The so-called ‘armchair’ rule of interpretation is also embodied in Section 75 of the Indian Succession Act, 1925, which reads as follows, “For the purpose of determining questions as to what person or what property is denoted by any words used in a will, a Court shall inquire into every material fact relating to the persons who claim to be interested under such will, the property which is claimed as the subject of disposition, the circumstances of the testator and of his family, and into every fact a knowledge of which may conduct to the right application of the words which the testator has used.”

In addition to this Sections 84-88 lay down an exhaustive set of guidelines to interpret the intent of the testator-

Section 84 states that in case a clause of the will can be inferred to have two separate meanings, one of which has some effect while the other does not, the former shall be preferred.

Section 85 states that if any part of the will has the possibility to be reasonably construed then it cannot be rejected as deficient of meaning; whereas Section 87 reiterates that the will of the testator is the sole criteria for ascertaining the true interpretation of a will.

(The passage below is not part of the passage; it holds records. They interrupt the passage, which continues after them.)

lemma hnorm_power2: "(hnorm ip u)\<^sup>2 = Re (ip u u)"
  using Re_diag_nonneg[of u] by (simp add: hnorm_def)

lemma ip_self: "ip u u = complex_of_real ((hnorm ip u)\<^sup>2)"
  using diag_of_real hnorm_power2 by simp

lemma hnorm_eq_0_iff: "hnorm ip u = 0 \<longleftrightarrow> u = 0"
  by (metis ip_self ip_self_eq_0_iff of_real_eq_0_iff power_eq_0_iff zero_power2)

lemma hnorm_zero [simp]: "hnorm ip 0 = 0"
  by (simp add: hnorm_eq_0_iff)

lemma hnorm_pos: "u \<noteq> 0 \<Longrightarrow> 0 < hnorm ip u"
  using hnorm_nonneg hnorm_eq_0_iff by (metis less_eq_real_def)

lemma hnorm_scale: "hnorm ip (sm a u) = cmod a * hnorm ip u"
proof -
  have "(hnorm ip (sm a u))\<^sup>2 = Re (a * cnj a * ip u u)"
    by (simp add: hnorm_power2 scale_left scale_right algebra_simps)
  also have "\<dots> = ((Re a)\<^sup>2 + (Im a)\<^sup>2) * Re (ip u u)"
    using Im_diag[of u] by (simp add: algebra_simps power2_eq_square)
  also have "\<dots> = (cmod a * hnorm ip u)\<^sup>2"
    by (simp only: power_mult_distrib cmod_power2 hnorm_power2)
  finally show ?thesis
    using hnorm_nonneg by (simp add: power2_eq_iff_nonneg)
qed

lemma ip_cauchy_schwarz: "cmod (ip u v) \<le> hnorm ip u * hnorm ip v"
proof -
  have "(cmod (ip u v))\<^sup>2 \<le> (hnorm ip u * hnorm ip v)\<^sup>2"
    using cauchy_schwarz[of u v] by (simp add: hnorm_power2 power_mult_distrib)
  then show ?thesis
    using hnorm_nonneg by (meson mult_nonneg_nonneg power2_le_imp_le)
qed

lemma sm_zero: "sm 0 u = 0"
  using sm_add_left[of 0 0 u] by simp

lemma sm_minus: "sm (- a) u = - sm a u"
  using sm_add_left[of "- a" a u] by (simp add: sm_zero eq_neg_iff_add_eq_0)

lemma hnorm_diff_proj_power2:
  assumes "hnorm ip e = 1"
  shows "(hnorm ip (u - sm (ip u e) e))\<^sup>2 = (hnorm ip u)\<^sup>2 - (cmod (ip u e))\<^sup>2"
proof -
  have "cnj (- ip u e) * ip u e = - complex_of_real ((cmod (ip u e))\<^sup>2)"
    using complex_norm_square[of "ip u e"] by (simp add: mult.commute)
  then show ?thesis
    using Re_expand[of u "- ip u e" e] assms
    by (simp add: hnorm_power2[symmetric] sm_minus)
qed

lemma bounded_op_add: "bounded_op sm ip A \<Longrightarrow> A (u + v) = A u + A v"
  unfolding bounded_op_def by blast

lemma bounded_op_scale: "bounded_op sm ip A \<Longrightarrow> A (sm a u) = sm a (A u)"
  unfolding bounded_op_def by blast

lemma bounded_op_zero: "bounded_op sm ip A \<Longrightarrow> A 0 = 0"
  using bounded_op_add[of A 0 0] by simp

lemma bdd_above_op_norm:
  assumes "bounded_op sm ip A"
  shows "bdd_above {hnorm ip (A u) | u. hnorm ip u \<le> 1}"
proof -
  obtain C where C: "\<And>u. hnorm ip (A u) \<le> C * hnorm ip u"
    using assms unfolding bounded_op_def by blast
  have "hnorm ip (A u) \<le> \<bar>C\<bar>" if "hnorm ip u \<le> 1" for u
    using C[of u] that hnorm_nonneg[of u]
    by (smt (verit, best) mult_left_le mult_right_mono)
  then show ?thesis unfolding bdd_above_def by blast
qed

lemma hnorm_apply_le_op_norm:
  "bounded_op sm ip A \<Longrightarrow> hnorm ip u \<le> 1 \<Longrightarrow> hnorm ip (A u) \<le> op_norm ip A"
  unfolding op_norm_def using bdd_above_op_norm by (intro cSup_upper) auto

lemma op_norm_nonneg: "bounded_op sm ip A \<Longrightarrow> 0 \<le> op_norm ip A"
  using hnorm_apply_le_op_norm[of A 0] bounded_op_zero[of A] by simp

lemma op_norm_le: "(\<And>u. hnorm ip u \<le> 1 \<Longrightarrow> hnorm ip (A u) \<le> M) \<Longrightarrow> op_norm ip A \<le> M"
  unfolding op_norm_def by (intro cSup_least) (auto intro: exI[of _ 0])

lemma hnorm_apply_le:
  assumes "bounded_op sm ip A"
  shows "hnorm ip (A u) \<le> op_norm ip A * hnorm ip u"
proof (cases "u = 0")
  case True
  then show ?thesis using bounded_op_zero[OF assms] by simp
next
  case False
  define h where "h = hnorm ip u"
  have "h > 0" using False hnorm_pos h_def by simp
  then have "hnorm ip (sm (complex_of_real (1 / h)) u) = 1"
    by (simp add: hnorm_scale h_def norm_divide)
  then have "hnorm ip (A (sm (complex_of_real (1 / h)) u)) \<le> op_norm ip A"
    using hnorm_apply_le_op_norm[OF assms] by simp
  then show ?thesis
    using \<open>h > 0\<close> by (simp add: bounded_op_scale[OF assms] hnorm_scale norm_divide h_def field_simps)
qed

lemma Re_ip_apply_le:
  assumes "bounded_op sm ip A"
  shows "Re (ip (A u) u) \<le> op_norm ip A * (hnorm ip u)\<^sup>2"
proof -
  have "Re (ip (A u) u) \<le> hnorm ip (A u) * hnorm ip u"
    using complex_Re_le_cmod ip_cauchy_schwarz by (rule order_trans)
  also have "\<dots> \<le> op_norm ip A * hnorm ip u * hnorm ip u"
    using hnorm_apply_le[OF assms] hnorm_nonneg by (simp add: mult_right_mono)
  finally show ?thesis by (simp add: power2_eq_square mult.assoc)
qed

lemma Re_ip_apply_le_op_norm:
  assumes "bounded_op sm ip A" "hnorm ip u \<le> 1"
  shows "Re (ip (A u) u) \<le> op_norm ip A"
proof -
  have "(hnorm ip u)\<^sup>2 \<le> 1" using assms(2) hnorm_nonneg by (simp add: power_le_one)
  then show ?thesis
    using Re_ip_apply_le[OF assms(1), of u] op_norm_nonneg[OF assms(1)]
    by (smt (verit) mult_left_le)
qed

definition positive_op :: "('h \<Rightarrow> 'h) \<Rightarrow> bool" where
  "positive_op A \<longleftrightarrow>
     bounded_op sm ip A \<and> (\<forall>u v. ip (A u) v = ip u (A v)) \<and> (\<forall>u. 0 \<le> Re (ip (A u) u))"

lemma positive_op_form:
  assumes "positive_op A"
  shows "pos_herm_form sm (\<lambda>u v. ip (A u) v)"
proof
  fix u v w :: 'h and c :: complex
  have A: "bounded_op sm ip A" "ip (A v) u = ip v (A u)" "0 \<le> Re (ip (A u) u)"
    using assms unfolding positive_op_def by blast+
  show "ip (A (u + v)) w = ip (A u) w + ip (A v) w" by (simp add: bounded_op_add[OF A(1)] add_left)
  show "ip (A (sm c u)) w = c * ip (A u) w" by (simp add: bounded_op_scale[OF A(1)] scale_left)
  show "ip (A v) u = cnj (ip (A u) v)" by (metis A(2) herm)
  show "0 \<le> Re (ip (A u) u)" by (fact A(3))
qed

lemma hnorm_apply_power2_le:
  assumes A: "positive_op A" and M: "\<And>v. hnorm ip v \<le> 1 \<Longrightarrow> Re (ip (A v) v) \<le> M"
    and u: "hnorm ip u \<le> 1"
  shows "(hnorm ip (A u))\<^sup>2 \<le> M * op_norm ip A"
proof -
  interpret A: pos_herm_form sm "\<lambda>u v. ip (A u) v" by (rule positive_op_form[OF A])
  have bdd: "bounded_op sm ip A" using A unfolding positive_op_def by blast
  have M0: "0 \<le> M" using M[of 0] by (simp add: bounded_op_zero[OF bdd] zero_left)
  define h where "h = hnorm ip (A u)"
  have "h\<^sup>2 \<le> cmod (ip (A u) (A u))"
    using complex_Re_le_cmod hnorm_power2 h_def by simp
  then have "(h\<^sup>2)\<^sup>2 \<le> (cmod (ip (A u) (A u)))\<^sup>2"
    by (rule power_mono) simp
  also have "\<dots> \<le> Re (ip (A u) u) * Re (ip (A (A u)) (A u))"
    by (rule A.cauchy_schwarz)
  also have "\<dots> \<le> M * (op_norm ip A * h\<^sup>2)"
    using M[OF u] Re_ip_apply_le[OF bdd, of "A u"] A.Re_diag_nonneg M0 h_def
    by (intro mult_mono) auto
  finally have le: "h\<^sup>2 * h\<^sup>2 \<le> (M * op_norm ip A) * h\<^sup>2"
    by (simp add: power2_eq_square mult_ac)
  show ?thesis
  proof (cases "h = 0")
    case True
    then show ?thesis using M0 op_norm_nonneg[OF bdd] h_def by simp
  next
    case False
    then show ?thesis using mult_right_le_imp_le[OF le] h_def by simp
  qed
qed

lemma op_norm_le_Re_bound:
  assumes A: "positive_op A" and M: "\<And>v. hnorm ip v \<le> 1 \<Longrightarrow> Re (ip (A v) v) \<le> M"
  shows "op_norm ip A \<le> M"
proof -
  have bdd: "bounded_op sm ip A" using A unfolding positive_op_def by blast
  define N where "N = op_norm ip A"
  have "0 \<le> M" using M[of 0] by (simp add: bounded_op_zero[OF bdd] zero_left)
  moreover have "0 \<le> N" using op_norm_nonneg[OF bdd] N_def by simp
  moreover have "N \<le> sqrt (M * N)"
    unfolding N_def
    by (rule op_norm_le) (metis hnorm_apply_power2_le[OF A M] real_le_rsqrt)
  ultimately have le: "N * N \<le> M * N"
    using mult_mono[of N "sqrt (M * N)" N "sqrt (M * N)"] by simp
  show ?thesis
  proof (cases "N = 0")
    case True
    then show ?thesis using \<open>0 \<le> M\<close> N_def by simp
  next
    case False
    then show ?thesis using mult_right_le_imp_le[OF le] \<open>0 \<le> N\<close> N_def by simp
  qed
qed

lemma positive_op_eq_0:
  assumes "positive_op A" "\<And>v. Re (ip (A v) v) = 0"
  shows "A u = 0"
proof -
  have "op_norm ip A \<le> 0" using op_norm_le_Re_bound[OF assms(1)] assms(2) by simp
  moreover have "hnorm ip (A u) \<le> op_norm ip A * hnorm ip u"
    using assms(1) hnorm_apply_le unfolding positive_op_def by blast
  ultimately have "hnorm ip (A u) \<le> 0"
    using hnorm_nonneg[of u] by (meson mult_nonpos_nonneg order_trans)
  then show ?thesis using hnorm_nonneg hnorm_eq_0_iff by (metis order_antisym)
qed

end

section \<open>Hilbert \<open>K(H)\<close>-modules\<close>

locale hK_module =
  fixes sm :: "complex \<Rightarrow> 'h::ab_group_add \<Rightarrow> 'h" and ip :: "'h \<Rightarrow> 'h \<Rightarrow> complex"
    and esm :: "complex \<Rightarrow> 'e::ab_group_add \<Rightarrow> 'e" and act :: "('h \<Rightarrow> 'h) \<Rightarrow> 'e \<Rightarrow> 'e"
    and ein :: "'e \<Rightarrow> 'e \<Rightarrow> 'h \<Rightarrow> 'h"
  assumes module: "hilbert_K_module sm ip esm act ein"

sublocale hK_module \<subseteq> hspace sm ip
  using module unfolding hilbert_K_module_def by unfold_locales (elim conjE)

context hK_module
begin

lemma esm_one: "esm 1 a = a"
  using module unfolding hilbert_K_module_def by (elim conjE) (simp only:)

lemma esm_add_left: "esm (c + d) a = esm c a + esm d a"
  using module unfolding hilbert_K_module_def by (elim conjE) (simp only:)

lemma ein_compact: "compact_op sm ip (ein a b)"
  using module unfolding hilbert_K_module_def by (elim conjE) (simp only:)

lemma ein_add_left: "ein (a + b) c = (\<lambda>\<zeta>. ein a c \<zeta> + ein b c \<zeta>)"
  using module unfolding hilbert_K_module_def by (elim conjE) (simp only:)

lemma ein_scale_left: "ein (esm c a) b = (\<lambda>\<zeta>. sm c (ein a b \<zeta>))"
  using module unfolding hilbert_K_module_def by (elim conjE) (simp only:)

lemma ein_act: "compact_op sm ip A \<Longrightarrow> ein (act A a) b = A \<circ> ein a b"
  using module unfolding hilbert_K_module_def by (elim conjE) (simp only:)

lemma ein_adjoint: "ip (ein a b \<zeta>) \<eta> = ip \<zeta> (ein b a \<eta>)"
  using module unfolding hilbert_K_module_def by (elim conjE) (simp only:)

lemma ein_Re_diag_nonneg: "0 \<le> Re (ip (ein a a \<zeta>) \<zeta>)"
  using module unfolding hilbert_K_module_def by (elim conjE) (simp only:)

lemma ein_eq_0_iff: "ein a a = (\<lambda>_. 0) \<longleftrightarrow> a = 0"
  using module unfolding hilbert_K_module_def by (elim conjE) (simp only:)

lemma esm_minus_one: "esm (- 1) a = - a"
  using esm_add_left[of "- 1" 1 a] esm_add_left[of 0 0 a]
  by (simp add: esm_one eq_neg_iff_add_eq_0)

lemma ein_bounded: "bounded_op sm ip (ein a b)"
  using ein_compact unfolding compact_op_def by blast

lemma positive_op_ein: "positive_op (ein a a)"
  unfolding positive_op_def using ein_bounded ein_adjoint ein_Re_diag_nonneg by blast

lemma state_form: "pos_herm_form esm (\<lambda>a b. ip (ein a b \<zeta>) \<zeta>)"
proof
  fix a b c :: 'e and d :: complex
  show "ip (ein (a + b) c \<zeta>) \<zeta> = ip (ein a c \<zeta>) \<zeta> + ip (ein b c \<zeta>) \<zeta>"
    by (simp add: ein_add_left add_left)
  show "ip (ein (esm d a) c \<zeta>) \<zeta> = d * ip (ein a c \<zeta>) \<zeta>"
    by (simp add: ein_scale_left scale_left)
  show "ip (ein b a \<zeta>) \<zeta> = cnj (ip (ein a b \<zeta>) \<zeta>)"
    by (metis ein_adjoint herm)
  show "0 \<le> Re (ip (ein a a \<zeta>) \<zeta>)" by (fact ein_Re_diag_nonneg)
qed

lemma state_Re_expand:
  "Re (ip (ein (a + esm t b) (a + esm t b) \<zeta>) \<zeta>) =
     Re (ip (ein a a \<zeta>) \<zeta>) + 2 * Re (cnj t * ip (ein a b \<zeta>) \<zeta>) + (cmod t)\<^sup>2 * Re (ip (ein b b \<zeta>) \<zeta>)"
  by (rule pos_herm_form.Re_expand[OF state_form])

lemma state_cauchy_schwarz:
  "(cmod (ip (ein a b \<zeta>) \<zeta>))\<^sup>2 \<le> Re (ip (ein a a \<zeta>) \<zeta>) * Re (ip (ein b b \<zeta>) \<zeta>)"
  by (rule pos_herm_form.cauchy_schwarz[OF state_form])

lemma enorm_nonneg: "0 \<le> enorm ip ein a"
  by (simp add: enorm_def op_norm_nonneg[OF ein_bounded])

lemma enorm_power2: "(enorm ip ein a)\<^sup>2 = op_norm ip (ein a a)"
  by (simp add: enorm_def op_norm_nonneg[OF ein_bounded])

lemma Re_state_le_enorm_power2:
  "hnorm ip \<zeta> \<le> 1 \<Longrightarrow> Re (ip (ein a a \<zeta>) \<zeta>) \<le> (enorm ip ein a)\<^sup>2"
  using Re_ip_apply_le_op_norm[OF ein_bounded] enorm_power2 by simp

lemma enorm_le:
  assumes "\<And>\<zeta>. hnorm ip \<zeta> \<le> 1 \<Longrightarrow> Re (ip (ein a a \<zeta>) \<zeta>) \<le> M\<^sup>2" "0 \<le> M"
  shows "enorm ip ein a \<le> M"
  using op_norm_le_Re_bound[OF positive_op_ein assms(1)] enorm_power2[of a] enorm_nonneg assms(2)
  by (metis power2_le_imp_le)

lemma enorm_ge:
  assumes "hnorm ip \<zeta> \<le> 1" "M\<^sup>2 \<le> Re (ip (ein a a \<zeta>) \<zeta>)" "0 \<le> M"
  shows "M \<le> enorm ip ein a"
  using Re_state_le_enorm_power2[OF assms(1), of a] assms(2) enorm_nonneg
  by (metis order_trans power2_le_imp_le)

lemma exists_state_near_enorm:
  assumes "0 < \<epsilon>"
  obtains \<zeta> where "hnorm ip \<zeta> \<le> 1" "(enorm ip ein a)\<^sup>2 - \<epsilon> < Re (ip (ein a a \<zeta>) \<zeta>)"
proof -
  have "\<not> op_norm ip (ein a a) \<le> (enorm ip ein a)\<^sup>2 - \<epsilon>"
    using assms enorm_power2 by simp
  then show ?thesis
    using op_norm_le_Re_bound[OF positive_op_ein] that by force
qed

Against The Preliminary Decree vs By Adv.Sri.S.K.Brahmanandan on 31 January, 2001 laid down a five point guideline to interpret a will’s intent- “the first rule of construction of a will is that it should be read in its entirety to understand the intention of the testator. Secondly, intestacy shall not be lightly inferred. If two interpretations are possible, the view in favour of testacy should be preferred. Thirdly, to resolve any ambiguity, the words used in a will should be understood with reference to all the provisions in the will. Fourthly, if occasion so demands, the court should even supply an omission to give effect to the intention of the testator. Fifthly, ordinary, or technical meaning of a word or phrase may be discarded, if it is inconsistent with the general intention, as expressed in the will, read as a whole.”

The intent of the testator and a realistic assessment of the meaning of the text of the will are two main principles based on which Courts have ascertained the meaning of ambiguous wills.